### Task to complete
Please print the entries below exactly, from the line with "A = lin_span" through the line with "sigma and whose", including both of those lines and leaving out all others.

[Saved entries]
● ● ● ●

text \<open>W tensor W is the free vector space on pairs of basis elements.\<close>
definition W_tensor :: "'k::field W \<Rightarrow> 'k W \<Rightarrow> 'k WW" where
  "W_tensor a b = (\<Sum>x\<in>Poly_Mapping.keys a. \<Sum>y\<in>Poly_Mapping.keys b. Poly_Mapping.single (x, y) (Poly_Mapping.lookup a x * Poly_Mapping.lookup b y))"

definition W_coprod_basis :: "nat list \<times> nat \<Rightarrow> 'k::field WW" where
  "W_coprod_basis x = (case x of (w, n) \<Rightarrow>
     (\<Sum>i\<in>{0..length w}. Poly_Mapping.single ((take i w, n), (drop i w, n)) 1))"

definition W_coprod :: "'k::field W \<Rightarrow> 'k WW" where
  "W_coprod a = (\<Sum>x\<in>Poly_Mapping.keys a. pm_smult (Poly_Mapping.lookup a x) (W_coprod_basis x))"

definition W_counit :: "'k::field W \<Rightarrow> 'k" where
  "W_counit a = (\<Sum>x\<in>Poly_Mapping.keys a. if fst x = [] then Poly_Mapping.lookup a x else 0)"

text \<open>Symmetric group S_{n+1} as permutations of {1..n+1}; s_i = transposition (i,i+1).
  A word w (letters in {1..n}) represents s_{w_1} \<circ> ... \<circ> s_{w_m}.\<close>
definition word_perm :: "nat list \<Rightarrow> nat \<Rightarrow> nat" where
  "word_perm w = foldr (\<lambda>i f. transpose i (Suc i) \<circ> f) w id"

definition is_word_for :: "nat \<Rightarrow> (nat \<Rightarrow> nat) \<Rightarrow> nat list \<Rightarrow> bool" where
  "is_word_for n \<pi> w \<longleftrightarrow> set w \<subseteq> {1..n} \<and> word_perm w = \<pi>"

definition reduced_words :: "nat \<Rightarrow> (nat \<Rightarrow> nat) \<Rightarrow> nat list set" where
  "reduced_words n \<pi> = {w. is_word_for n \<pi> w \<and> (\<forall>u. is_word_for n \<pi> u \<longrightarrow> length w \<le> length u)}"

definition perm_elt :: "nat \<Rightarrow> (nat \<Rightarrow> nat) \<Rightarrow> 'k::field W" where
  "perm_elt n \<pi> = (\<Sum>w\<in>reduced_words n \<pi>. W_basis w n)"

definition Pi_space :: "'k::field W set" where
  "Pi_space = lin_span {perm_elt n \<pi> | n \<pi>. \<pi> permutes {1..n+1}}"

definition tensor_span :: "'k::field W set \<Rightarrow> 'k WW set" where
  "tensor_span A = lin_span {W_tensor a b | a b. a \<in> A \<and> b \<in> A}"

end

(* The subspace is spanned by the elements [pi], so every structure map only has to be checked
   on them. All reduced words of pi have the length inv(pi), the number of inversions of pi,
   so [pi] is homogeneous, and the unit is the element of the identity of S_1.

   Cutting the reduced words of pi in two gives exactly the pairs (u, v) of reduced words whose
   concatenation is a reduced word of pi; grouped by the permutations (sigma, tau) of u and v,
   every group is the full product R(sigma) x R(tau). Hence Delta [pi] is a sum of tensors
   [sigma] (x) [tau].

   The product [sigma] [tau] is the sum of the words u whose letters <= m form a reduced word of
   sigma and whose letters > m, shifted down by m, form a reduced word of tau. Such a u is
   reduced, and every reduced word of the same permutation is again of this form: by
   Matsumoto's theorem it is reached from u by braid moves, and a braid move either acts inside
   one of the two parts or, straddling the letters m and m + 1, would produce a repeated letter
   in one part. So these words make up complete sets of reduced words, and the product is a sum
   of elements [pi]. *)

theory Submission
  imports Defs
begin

● ● ● ●

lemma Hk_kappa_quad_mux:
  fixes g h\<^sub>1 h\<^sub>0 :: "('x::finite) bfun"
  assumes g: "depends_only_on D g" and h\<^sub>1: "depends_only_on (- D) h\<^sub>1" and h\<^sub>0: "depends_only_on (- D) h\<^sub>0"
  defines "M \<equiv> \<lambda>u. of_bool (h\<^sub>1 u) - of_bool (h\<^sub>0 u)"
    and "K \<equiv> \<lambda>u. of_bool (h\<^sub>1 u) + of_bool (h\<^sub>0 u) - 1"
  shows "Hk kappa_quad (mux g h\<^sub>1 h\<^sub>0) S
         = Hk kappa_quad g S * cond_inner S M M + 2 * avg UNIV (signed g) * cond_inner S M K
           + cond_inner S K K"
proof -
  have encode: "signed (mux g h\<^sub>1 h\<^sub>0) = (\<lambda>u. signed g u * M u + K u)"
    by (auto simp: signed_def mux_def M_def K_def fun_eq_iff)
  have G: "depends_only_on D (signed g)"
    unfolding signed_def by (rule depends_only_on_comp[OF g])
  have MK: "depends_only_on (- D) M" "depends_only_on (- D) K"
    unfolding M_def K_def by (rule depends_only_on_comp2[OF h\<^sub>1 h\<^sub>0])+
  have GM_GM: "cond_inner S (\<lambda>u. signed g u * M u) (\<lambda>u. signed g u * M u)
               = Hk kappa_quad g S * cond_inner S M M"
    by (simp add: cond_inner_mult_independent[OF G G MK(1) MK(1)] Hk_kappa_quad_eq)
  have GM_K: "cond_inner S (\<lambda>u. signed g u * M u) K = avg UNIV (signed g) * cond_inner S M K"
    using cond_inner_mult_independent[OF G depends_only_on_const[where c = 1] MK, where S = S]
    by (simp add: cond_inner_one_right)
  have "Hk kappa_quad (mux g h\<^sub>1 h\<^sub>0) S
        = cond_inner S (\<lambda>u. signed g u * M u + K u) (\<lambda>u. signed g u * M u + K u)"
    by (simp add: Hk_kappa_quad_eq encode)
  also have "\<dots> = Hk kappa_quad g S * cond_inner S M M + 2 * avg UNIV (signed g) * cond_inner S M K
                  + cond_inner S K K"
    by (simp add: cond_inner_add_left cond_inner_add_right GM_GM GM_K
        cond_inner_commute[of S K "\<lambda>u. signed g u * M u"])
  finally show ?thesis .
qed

● ● ● ●

### Exercise answer
  "tensor_span A = lin_span {W_tensor a b | a b. a \<in> A \<and> b \<in> A}"

end

(* The subspace is spanned by the elements [pi], so every structure map only has to be checked
   on them. All reduced words of pi have the length inv(pi), the number of inversions of pi,
   so [pi] is homogeneous, and the unit is the element of the identity of S_1.

   Cutting the reduced words of pi in two gives exactly the pairs (u, v) of reduced words whose
   concatenation is a reduced word of pi; grouped by the permutations (sigma, tau) of u and v,
   every group is the full product R(sigma) x R(tau). Hence Delta [pi] is a sum of tensors
   [sigma] (x) [tau].

   The product [sigma] [tau] is the sum of the words u whose letters <= m form a reduced word of
   sigma and whose letters > m, shifted down by m, form a reduced word of tau. Such a u is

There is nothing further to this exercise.